[[ Task inputs open ]]
(* Let $k\geq2$ and let $L=(l_1,\dots,l_k)$ be generic and reduced positive integers with sum $n$. Let $\Lambda_L=\widehat{\omega}(H_1(Tonn^{n,k}(L);\mathbb{Z}))\subseteq\Lambda$. Then $$\Lambda_L=\Big\{p_1a_1+\dots+p_ka_k : p\in\mathbb{Z}^k,\ \exists p_0\in\mathbb{Z},\ p_1l_1+\dots+p_kl_k=p_0n\Big\},$$ $\Lambda_L$ is free abelian of rank $k-1$, it acts freely by translations on $\mathcal{D}_\Lambda$, and $Tonn^{n,k}(L)$ is isomorphic as a simplicial complex to the quotient $\mathcal{D}_\Lambda/\Lambda_L$.
   Context: The generalized tonnetz $Tonn^{n,k}(L)$ is the simplicial complex on vertex set $\mathbb{Z}_n$ whose maximal simplices are $\Delta(x;\sigma)=\{x,\,x+l_{\sigma(1)},\dots,x+l_{\sigma(1)}+\dots+l_{\sigma(k-1)}\}$ for $x\in\mathbb{Z}_n$, $\sigma\in S_k$. $L$ is generic if for all $I,J\subseteq[k]$, $\sum_{i\in I}l_i=\sum_{j\in J}l_j$ implies $I=J$; reduced if $\gcd(l_1,\dots,l_k)=1$. $a_i=ke_i-(1,\dots,1)\in\mathbb{Z}^k$, $a_I=\sum_{i\in I}a_i$. The vector 1-cocycle $\omega$ assigns to an oriented 1-simplex $(u,v)$ with $v-u\equiv\sum_{j\in I}l_j\pmod n$ ($I$ nonempty, unique by genericity) the vector $a_I$; $\widehat\omega:H_1(Tonn^{n,k}(L);\mathbb{Z})\to\Lambda$ is evaluation of $\omega$ on cycles. $\Lambda=\{x\in\mathbb{Z}^k:\sum x_i=0,\text{ all }x_i\text{ congruent mod }k\}$. $\mathcal{D}_\Lambda$ is the simplicial complex with vertex set $\Lambda$ whose simplices are the sets $\{z+a_{I_1},\dots,z+a_{I_s}\}$ with $z\in\Lambda$ and $I_1\subsetneq\dots\subsetneq I_s\subsetneq[k]$ (the Delone triangulation of the hyperplane $\sum x_i=0$). *)

theory Defs
  imports "HOL-Analysis.Analysis"
begin
(* If $G\subset\Sigma_n$ does not act isotypically on $\{1,\dots,n\}$, then $|\Pi_n|^G$ is $W_{\Sigma_n}(G)$-equivariantly collapsible.
   Context: $\Pi_n$ is the poset of proper nontrivial partitions of $\{1,\dots,n\}$ ordered by refinement; $|\Pi_n|$ is the realisation of its order complex, with the induced $\Sigma_n$-action, and $|\Pi_n|^G$ its $G$-fixed points with action of $W_{\Sigma_n}(G)=N_{\Sigma_n}(G)/G$. $G$ acts isotypically if all $G$-orbits on $\{1,\dots,n\}$ are isomorphic $G$-sets. Equivariantly collapsible means reducible to a point by finitely many elementary equivariant collapses. *)

theory Defs
  imports "HOL-Algebra.Sym_Groups" "HOL-Algebra.Group_Action" "HOL-Library.Disjoint_Sets"
begin

definition refines :: "nat set set \<Rightarrow> nat set set \<Rightarrow> bool" where
  "refines P Q \<longleftrightarrow> (\<forall>B\<in>P. \<exists>C\<in>Q. B \<subseteq> C)"

definition Pi_poset :: "nat \<Rightarrow> nat set set set" where
  "Pi_poset n = {P. partition_on {1..n} P \<and> P \<noteq> {{1..n}} \<and> P \<noteq> (\<lambda>i. {i}) ` {1..n}}"

definition perm_part :: "(nat \<Rightarrow> nat) \<Rightarrow> nat set set \<Rightarrow> nat set set" where
  "perm_part g P = (\<lambda>B. g ` B) ` P"

definition perm_simplex :: "(nat \<Rightarrow> nat) \<Rightarrow> nat set set set \<Rightarrow> nat set set set" where
  "perm_simplex g s = perm_part g ` s"

definition is_chain :: "nat set set set \<Rightarrow> bool" where
  "is_chain s \<longleftrightarrow> (\<forall>P\<in>s. \<forall>Q\<in>s. refines P Q \<or> refines Q P)"

text \<open>The simplicial complex |Pi_n|^G: the fixed points of the order complex of Pi_n, i.e. the
  (nonempty, finite) chains of Pi_n all of whose members are G-fixed (a G-invariant chain is
  fixed pointwise since G acts by order automorphisms).\<close>

definition fixed_order_complex :: "nat \<Rightarrow> (nat \<Rightarrow> nat) set \<Rightarrow> nat set set set set" where
  "fixed_order_complex n G =
     {s. s \<noteq> {} \<and> finite s \<and> s \<subseteq> Pi_poset n \<and> is_chain s \<and>
         (\<forall>g\<in>G. \<forall>P\<in>s. perm_part g P = P)}"

definition perm_orbit :: "(nat \<Rightarrow> nat) set \<Rightarrow> nat \<Rightarrow> nat set" where
  "perm_orbit G i = {g i | g. g \<in> G}"

definition iso_Gsets :: "(nat \<Rightarrow> nat) set \<Rightarrow> nat set \<Rightarrow> nat set \<Rightarrow> bool" where
  "iso_Gsets G X Y \<longleftrightarrow>
     (\<exists>f. bij_betw f X Y \<and> (\<forall>g\<in>G. \<forall>x\<in>X. f (g x) = g (f x)))"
[[ Task inputs closed ]]
## What is expected
Repeat, exactly as they stand above, the lines from the line with "nat) set \<Rightarrow> nat set set" to the line with "is_chain s \<and>", both lines included.

## Result of the task
definition fixed_order_complex :: "nat \<Rightarrow> (nat \<Rightarrow> nat) set \<Rightarrow> nat set set set set" where
  "fixed_order_complex n G =
     {s. s \<noteq> {} \<and> finite s \<and> s \<subseteq> Pi_poset n \<and> is_chain s \<and>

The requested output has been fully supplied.